**What to do**:
If a line in the data below contains "longleftrightarrow", copy it.

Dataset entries

lemma cvecs_subset_span_unit_vec: "cvecs m \<subseteq> cv.span (unit_vec ` {..<m})"
proof
  fix x assume x: "x \<in> cvecs m"
  have "x = (\<Sum>k<m. cscale (x k) (unit_vec k))"
  proof
    fix j
    have "(\<Sum>k<m. cscale (x k) (unit_vec k)) j = (\<Sum>k<m. if k = j then x j else 0)"
      unfolding sum_apply by (intro sum.cong) (auto simp: unit_vec_def cscale_def)
    also have "\<dots> = x j" using x by (auto simp: cvecs_def)
    finally show "x j = (\<Sum>k<m. cscale (x k) (unit_vec k)) j" by simp
  qed
  also have "\<dots> \<in> cv.span (unit_vec ` {..<m})"
    by (intro cv.span_sum cv.span_scale cv.span_base) auto
  finally show "x \<in> cv.span (unit_vec ` {..<m})" .
qed

lemma cdim_le:
  assumes "csubspace_of m P"
  shows "cdim P \<le> m"
proof -
  have "cdim P \<le> card (unit_vec ` {..<m})"
    using assms cvecs_subset_span_unit_vec unfolding csubspace_of_def cdim_def
    by (intro cv.dim_le_card) auto
  also have "\<dots> \<le> m"
    using card_image_le[of "{..<m}" unit_vec] by simp
  finally show ?thesis .
qed

lemma cdim_span_unit_vec: "cdim (cv.span {unit_vec k}) = 1"
proof -
  have "unit_vec k \<noteq> 0"
    by (auto simp: unit_vec_def fun_eq_iff)
  then have "cv.independent {unit_vec k}"
    by (simp add: cv.independent_insert)
  then show ?thesis
    unfolding cdim_def by (simp add: cv.dim_eq_card_independent)
qed

lemma span_unit_vec_subset_cvecs: "k < m \<Longrightarrow> cv.span {unit_vec k} \<subseteq> cvecs m"
  using subspace_cvecs by (intro cv.span_minimal) (auto simp: cvecs_def unit_vec_def)

lemma cdim_zero: "cdim {0} = 0"
  using cv.dim_span_eq_card_independent[OF cv.independent_empty]
  unfolding cdim_def by (metis cv.span_empty card.empty)

definition shift :: "nat \<Rightarrow> (nat \<Rightarrow> complex) \<Rightarrow> (nat \<Rightarrow> complex)" where
  "shift m q = (\<lambda>i. if i < m then 0 else q (i - m))"

lemma linear_shift: "Vector_Spaces.linear cscale cscale (shift m)"
  by unfold_locales (auto simp: shift_def cscale_def fun_eq_iff)

lemma inj_shift: "inj (shift m)"
proof
  fix p q assume "shift m p = shift m q"
  then have "shift m p (i + m) = shift m q (i + m)" for i by simp
  then show "p = q" by (auto simp: shift_def fun_eq_iff)
qed

lemma shift_cvecs: "q \<in> cvecs n \<Longrightarrow> shift m q \<in> cvecs (m + n)"
  by (auto simp: cvecs_def shift_def)

definition block_sum ::
    "nat \<Rightarrow> (nat \<Rightarrow> complex) set \<Rightarrow> (nat \<Rightarrow> complex) set \<Rightarrow> (nat \<Rightarrow> complex) set" where
  "block_sum m P Q = {x + y | x y. x \<in> P \<and> y \<in> shift m ` Q}"

lemma csubspace_block_sum:
  assumes "csubspace_of m P" "csubspace_of n Q"
  shows "csubspace_of (m + n) (block_sum m P Q)"
proof -
  interpret sh: Vector_Spaces.linear cscale cscale "shift m" by (rule linear_shift)
  have P: "cv.subspace P" "P \<subseteq> cvecs m" and Q: "cv.subspace Q" "Q \<subseteq> cvecs n"
    using assms unfolding csubspace_of_def by blast+
  have "cv.subspace (block_sum m P Q)"
    unfolding block_sum_def by (intro cv.subspace_sums sh.subspace_image P(1) Q(1))
  moreover have "block_sum m P Q \<subseteq> cvecs (m + n)"
  proof
    fix z assume "z \<in> block_sum m P Q"
    then obtain x q where "z = x + shift m q" "x \<in> cvecs m" "q \<in> cvecs n"
      using P(2) Q(2) unfolding block_sum_def by blast
    then show "z \<in> cvecs (m + n)"
      by (simp add: cvecs_def shift_def)
  qed
  ultimately show ?thesis
    unfolding csubspace_of_def by blast
qed

lemma cdim_block_sum:
  assumes "csubspace_of m P" "csubspace_of n Q"
  shows "cdim (block_sum m P Q) = cdim P + cdim Q"
proof -
  interpret sh: Vector_Spaces.linear cscale cscale "shift m" by (rule linear_shift)
  have "P \<subseteq> cvecs (m + n)" "shift m ` Q \<subseteq> cvecs (m + n)"
    using assms shift_cvecs unfolding csubspace_of_def by (auto simp: cvecs_def)
  moreover have "P \<inter> shift m ` Q = {0}"
  proof -
    have "0 \<in> P" "0 \<in> shift m ` Q"
      using assms sh.subspace_image unfolding csubspace_of_def by (auto intro: cv.subspace_0)
    moreover have "x = 0" if "x \<in> P" "x \<in> shift m ` Q" for x
      using that assms(1) unfolding csubspace_of_def by (auto simp: cvecs_def shift_def fun_eq_iff)
    ultimately show ?thesis by blast
  qed
  ultimately have "cv.dim (block_sum m P Q) = cv.dim P + cv.dim (shift m ` Q)"
    using assms sh.subspace_image cvecs_subset_span_unit_vec[of "m + n"]
    unfolding block_sum_def csubspace_of_def
    by (intro cv.dim_sums_Int_zero[where A = "unit_vec ` {..<m + n}"]) auto
  then show ?thesis
    unfolding cdim_def cv.dim_image_inj[OF linear_shift inj_shift] .
qed

lemma cinner_block_sum:
  assumes "x \<in> cvecs m" "x' \<in> cvecs m"
  shows "cinner (m + n) (x + shift m y) (x' + shift m y') = cinner m x x' + cinner n y y'"
proof -
  have "(\<Sum>i<m. (x + shift m y) i * cnj ((x' + shift m y') i)) = cinner m x x'"
    unfolding cinner_def by (intro sum.cong) (auto simp: shift_def)
  moreover have "(\<Sum>i<n. (x + shift m y) (m + i) * cnj ((x' + shift m y') (m + i))) = cinner n y y'"
    unfolding cinner_def using assms by (intro sum.cong) (auto simp: shift_def cvecs_def)
  moreover have "(\<Sum>i<m + n. g i) = (\<Sum>i<m. g i) + (\<Sum>i<n. g (m + i))" for g :: "nat \<Rightarrow> complex"
    by (induction n) (simp_all add: ac_simps)
  ultimately show ?thesis
    unfolding cinner_def[of "m + n"] by simp
qed

lemma orth_block_sum:
  assumes "P \<subseteq> cvecs m" "P' \<subseteq> cvecs m" "orth_subspaces m P P'" "orth_subspaces n Q Q'"
  shows "orth_subspaces (m + n) (block_sum m P Q) (block_sum m P' Q')"
  unfolding orth_subspaces_def
proof (intro ballI)
  fix z z' assume "z \<in> block_sum m P Q" "z' \<in> block_sum m P' Q'"
  then obtain x y x' y' where z: "z = x + shift m y" "x \<in> P" "y \<in> Q"
    and z': "z' = x' + shift m y'" "x' \<in> P'" "y' \<in> Q'"
    unfolding block_sum_def by blast
  have "cinner (m + n) z z' = cinner m x x' + cinner n y y'"
    unfolding z(1) z'(1) using z z' assms by (intro cinner_block_sum) auto
  also have "\<dots> = 0"
    using assms z z' unfolding orth_subspaces_def by simp
  finally show "cinner (m + n) z z' = 0" .
qed

fun rep_block_sum ::
    "nat \<Rightarrow> ('a \<Rightarrow> (nat \<Rightarrow> complex) set) list \<Rightarrow> 'a \<Rightarrow> (nat \<Rightarrow> complex) set" where
  "rep_block_sum d [] u = {0}"
| "rep_block_sum d (F # Fs) u = block_sum d (F u) (rep_block_sum d Fs u)"

lemma compl_orth_rep_rep_block_sum:
  assumes "\<forall>F\<in>set Fs. compl_orth_rep V E d F"
  shows "compl_orth_rep V E (d * length Fs) (rep_block_sum d Fs)"
  using assms
proof (induction Fs)
  case Nil
  show ?case
    by (simp add: compl_orth_rep_def csubspace_of_def cvecs_def orth_subspaces_def cinner_def)
next
  case (Cons F Fs)
  then have F: "compl_orth_rep V E d F"
    and IH: "compl_orth_rep V E (d * length Fs) (rep_block_sum d Fs)"
    by simp_all
  have "csubspace_of (d + d * length Fs) (rep_block_sum d (F # Fs) u)" if "u \<in> V" for u
    using F IH that csubspace_block_sum unfolding compl_orth_rep_def by simp
  moreover have
    "orth_subspaces (d + d * length Fs) (rep_block_sum d (F # Fs) u) (rep_block_sum d (F # Fs) v)"
    if "u \<in> V" "v \<in> V" "u \<noteq> v" "\<not> E u v" for u v
  proof -
    have "F u \<subseteq> cvecs d" "F v \<subseteq> cvecs d" "orth_subspaces d (F u) (F v)"
      "orth_subspaces (d * length Fs) (rep_block_sum d Fs u) (rep_block_sum d Fs v)"
      using F IH that unfolding compl_orth_rep_def csubspace_of_def by blast+
    then show ?thesis
      unfolding rep_block_sum.simps by (rule orth_block_sum)
  qed
  ultimately show ?case
    unfolding compl_orth_rep_def by simp
qed

lemma cdim_rep_block_sum:
  assumes "\<forall>F\<in>set Fs. compl_orth_rep V E d F" "u \<in> V"
  shows "cdim (rep_block_sum d Fs u) = (\<Sum>F\<leftarrow>Fs. cdim (F u))"
  using assms(1)
proof (induction Fs)
  case Nil
  then show ?case
    by (simp add: cdim_zero)
next
  case (Cons F Fs)
  then have "compl_orth_rep V E d F" "compl_orth_rep V E (d * length Fs) (rep_block_sum d Fs)"
    using compl_orth_rep_rep_block_sum[of Fs] by simp_all
  then have "csubspace_of d (F u)" "csubspace_of (d * length Fs) (rep_block_sum d Fs u)"
    using assms(2) unfolding compl_orth_rep_def by blast+
  then show ?case
    using Cons by (simp add: cdim_block_sum)
qed

section \<open>Graph automorphisms\<close>

text \<open>Automorphisms are normalized to the identity outside \<open>V\<close>, so that they form a finite
  set closed under composition.\<close>

definition automorphisms :: "'a set \<Rightarrow> ('a \<Rightarrow> 'a \<Rightarrow> bool) \<Rightarrow> ('a \<Rightarrow> 'a) set" where
  "automorphisms V E = {\<sigma>. graph_automorphism V E \<sigma> \<and> (\<forall>x. x \<notin> V \<longrightarrow> \<sigma> x = x)}"

lemma automorphisms_bij_betw: "\<sigma> \<in> automorphisms V E \<Longrightarrow> bij_betw \<sigma> V V"
  unfolding automorphisms_def graph_automorphism_def by blast

lemma automorphisms_in: "\<sigma> \<in> automorphisms V E \<Longrightarrow> u \<in> V \<Longrightarrow> \<sigma> u \<in> V"
  using automorphisms_bij_betw bij_betwE by blast

lemma automorphisms_adj:
  "\<sigma> \<in> automorphisms V E \<Longrightarrow> u \<in> V \<Longrightarrow> v \<in> V \<Longrightarrow> E (\<sigma> u) (\<sigma> v) \<longleftrightarrow> E u v"
  unfolding automorphisms_def graph_automorphism_def by blast

lemma automorphisms_outside: "\<sigma> \<in> automorphisms V E \<Longrightarrow> x \<notin> V \<Longrightarrow> \<sigma> x = x"
  unfolding automorphisms_def by blast

lemma id_in_automorphisms: "id \<in> automorphisms V E"
  unfolding automorphisms_def graph_automorphism_def by simp

lemma automorphisms_comp:
  assumes "\<sigma> \<in> automorphisms V E" "\<tau> \<in> automorphisms V E"
  shows "\<sigma> \<circ> \<tau> \<in> automorphisms V E"
proof -
  have "bij_betw (\<sigma> \<circ> \<tau>) V V"
    using assms automorphisms_bij_betw bij_betw_trans by blast
  moreover have "E (\<sigma> (\<tau> u)) (\<sigma> (\<tau> v)) \<longleftrightarrow> E u v" if "u \<in> V" "v \<in> V" for u v
    using assms that by (simp add: automorphisms_adj automorphisms_in)
  moreover have "\<sigma> (\<tau> x) = x" if "x \<notin> V" for x
    using assms that by (simp add: automorphisms_outside)
  ultimately show ?thesis
    unfolding automorphisms_def graph_automorphism_def by simp
qed

lemma finite_automorphisms:
  assumes "finite V"
  shows "finite (automorphisms V E)"
proof -
  have "inj_on (\<lambda>\<sigma>. restrict \<sigma> V) (automorphisms V E)"
  proof (rule inj_onI, rule ext)
    fix \<sigma> \<tau> x
    assume "\<sigma> \<in> automorphisms V E" "\<tau> \<in> automorphisms V E" "restrict \<sigma> V = restrict \<tau> V"
    then show "\<sigma> x = \<tau> x"
      by (cases "x \<in> V") (auto simp: automorphisms_outside dest: fun_cong[of _ _ x])
  qed
  moreover have "(\<lambda>\<sigma>. restrict \<sigma> V) ` automorphisms V E \<subseteq> V \<rightarrow>\<^sub>E V"
    by (auto simp: restrict_PiE_iff automorphisms_in)
  ultimately show ?thesis
    by (rule inj_on_finite) (simp add: assms finite_PiE)
qed

lemma automorphism_mapping:
  assumes "vertex_transitive V E" "u \<in> V" "v \<in> V"
  obtains \<tau> where "\<tau> \<in> automorphisms V E" "\<tau> u = v"
proof -
  obtain \<sigma> where \<sigma>: "graph_automorphism V E \<sigma>" "\<sigma> u = v"
    using assms unfolding vertex_transitive_def by blast
  define \<tau> where "\<tau> x = (if x \<in> V then \<sigma> x else x)" for x
  have "bij_betw \<tau> V V \<longleftrightarrow> bij_betw \<sigma> V V"
    by (rule bij_betw_cong) (simp add: \<tau>_def)
  then have "\<tau> \<in> automorphisms V E"
    using \<sigma>(1) unfolding automorphisms_def graph_automorphism_def by (simp add: \<tau>_def)
  moreover have "\<tau> u = v"
    using \<sigma>(2) assms(2) by (simp add: \<tau>_def)
  ultimately show ?thesis
    using that by blast
qed

lemma bij_betw_comp_right_automorphism:
  assumes "finite V" "\<tau> \<in> automorphisms V E"
  shows "bij_betw (\<lambda>\<sigma>. \<sigma> \<circ> \<tau>) (automorphisms V E) (automorphisms V E)"
proof -
  have "inj_on (\<lambda>\<sigma>. \<sigma> \<circ> \<tau>) (automorphisms V E)"
  proof (rule inj_onI, rule ext)
    fix \<sigma>1 \<sigma>2 x
    assume \<sigma>: "\<sigma>1 \<in> automorphisms V E" "\<sigma>2 \<in> automorphisms V E" "\<sigma>1 \<circ> \<tau> = \<sigma>2 \<circ> \<tau>"
    show "\<sigma>1 x = \<sigma>2 x"
    proof (cases "x \<in> V")
      case True
      then obtain y where "x = \<tau> y"
        using automorphisms_bij_betw[OF assms(2)] bij_betw_imp_surj_on by blast
      then show ?thesis
        using \<sigma>(3) by (metis comp_apply)
    next
      case False
      then show ?thesis
        using \<sigma>(1,2) by (simp add: automorphisms_outside)
    qed
  qed
  moreover have "(\<lambda>\<sigma>. \<sigma> \<circ> \<tau>) ` automorphisms V E \<subseteq> automorphisms V E"
    using automorphisms_comp[OF _ assms(2)] by blast
  ultimately show ?thesis
    using endo_inj_surj[OF finite_automorphisms[OF assms(1)]] unfolding bij_betw_def by blast
qed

**Response to this task**:
  "\<sigma> \<in> automorphisms V E \<Longrightarrow> u \<in> V \<Longrightarrow> v \<in> V \<Longrightarrow> E (\<sigma> u) (\<sigma> v) \<longleftrightarrow> E u v"
  moreover have "E (\<sigma> (\<tau> u)) (\<sigma> (\<tau> v)) \<longleftrightarrow> E u v" if "u \<in> V" "v \<in> V" for u v
  have "bij_betw \<tau> V V \<longleftrightarrow> bij_betw \<sigma> V V"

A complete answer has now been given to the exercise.